Distributed deadlock detection

An algorithm for detecting deadlocks in a distributed system was proposed by Chandy, Misra, and Haas in 1983. Processes request resources from the current holder of that resource. Some processes may wait for resources, which may be held either locally or remotely. Cross-machine arcs make looking for cycles, and hence detecting deadlock, difficult. This algorithm avoids the problem of constructing a Global WFG.

The Chandy-Misra-Haas algorithm works this way: when a process has to wait for a resource, a probe message is sent to the process holding that resource. The probe message contains three components: the process ID that blocked, the process ID that is sending the request, and the destination. Initially, the first two components will be the same. When a process receives the probe: if the process itself is waiting on a resource, it updates the sending and destination fields of the message and forwards it to the resource holder. If it is waiting on multiple resources, a message is sent to each process holding the resources. This process continues as long as processes are waiting for resources. If the originator gets a message and sees its own process number in the blocked field of the message, it knows that a cycle has been taken and deadlock exists. In this case, some process (transaction) will have to die. The sender may choose to commit suicide and abort itself or an election algorithm may be used to determine an alternate victim (e.g., youngest process, oldest process, …).
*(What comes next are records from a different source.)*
(* Let $K$ be a field of characteristic $0$ and let $f\in K[x_1,\ldots,x_n]$ be a homogeneous polynomial of degree $d$. The following two properties are equivalent: (i) $f$ is a monomial (times a nonzero constant) which depends on all of its $n$ variables; (ii) the Lie algebra $\mathfrak{g}_f$ is an $(n-1)$-dimensional subspace of the space of diagonal $n\times n$ matrices.
   Context: For $P\in K[x_1,\ldots,x_n]$, the Lie algebra $\mathfrak{g}_P$ of $P$ is the Lie algebra (tangent space at the identity) of the group of invariants $\{A\in GL_n(K): P(A.x)=P(x)\}$; equivalently, $\mathfrak{g}_P$ is the linear subspace of matrices $A=(a_{ij})\in M_n(K)$ such that $\sum_{i,j\in[n]} a_{ij}\,x_j\,\frac{\partial P}{\partial x_i}=0$. *)

theory Defs
  imports "HOL-Analysis.Analysis"
begin

text \<open>A polynomial in the variables x_i (i ranging over the finite type 'n) with
coefficients in 'a is represented by its coefficient function: P m is the coefficient
of the monomial with exponent vector m.\<close>

type_synonym ('a, 'n) mpoly_fun = "('n \<Rightarrow> nat) \<Rightarrow> 'a"

definition is_mpoly :: "('a::zero, 'n) mpoly_fun \<Rightarrow> bool" where
  "is_mpoly P \<longleftrightarrow> finite {m. P m \<noteq> 0}"

definition homogeneous_of_degree :: "('a::zero, 'n::finite) mpoly_fun \<Rightarrow> nat \<Rightarrow> bool" where
  "homogeneous_of_degree P d \<longleftrightarrow> (\<forall>m. P m \<noteq> 0 \<longrightarrow> (\<Sum>i\<in>UNIV. m i) = d)"

definition pderiv_var :: "'n \<Rightarrow> ('a::semiring_1, 'n) mpoly_fun \<Rightarrow> ('a, 'n) mpoly_fun" where
  "pderiv_var i P = (\<lambda>m. of_nat (m i + 1) * P (m(i := m i + 1)))"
Distributed deadlock prevention

An alternative to detecting deadlocks is to design a system so that deadlock is impossible. We examined the four conditions for deadlock. If we can deny at least one of these conditions then we will not have deadlock.

Mutual exclusion
To deny this means that we will allow a resource to be held (used) by more than one process at a time. If a resource can be shared then there is no need for mutual exclusion and deadlock cannot occur. Too often, however, a process requires mutual exclusion for a resource because the resource is some object that will be modified by the process.
Hold and wait
Denying this means that processes that hold resources cannot wait for another resource. This typically implies that a process should grab all of its resources at once. This is not practical either since we cannot always predict what resources a process will need throughout its execution.
A resource, once granted, cannot be taken away. In transactional systems, allowing preemption means that a transaction can come in and modify data (the resource) that is being used by another transaction. This differs from mutual exclusion since the access is not concurrent but the same problem arises of having multiple transactions modify the same resource. We can support this with optimistic concurrency control algorithms that will check for out-of-order modifications at commit time and roll back (abort) if there are potential inconsistencies.
Circular wait
Avoiding circular wait means that we ensure that a cycle of waiting on resources does not occur. We can do this by enforcing an ordering on granting resources and aborting transactions or denying requests if an ordering cannot be granted.

One way of avoiding circular wait is to obtain a globally-unique timestamp (e.g., Lamport total ordering) for every transaction so that no two transactions get the same timestamp. When one process is about to block waiting for a resource that another process is using, check which of the two processes has a younger timestamp and give priority to the older process.
If a younger process is using the resource, then the older process (that wants the resource) waits. If an older process is holding the resource, the younger process (that wants the resource) aborts itself. This forces the resource utilization graph to be directed from older to younger processes, making cycles impossible. This algorithm is known as the wait-die algorithm.

An alternative, but similar, method by which resource request cycles may be avoided is to have an old process abort (kill) the younger process that holds a resource. If a younger process wants a resource that an older one is using, then it waits until the older process is done. In this case, the graph flows from young to old and cycles are again impossible. This variant is called the wound-wait algorithm.


This document is modified from an original version published on October 23, 2012.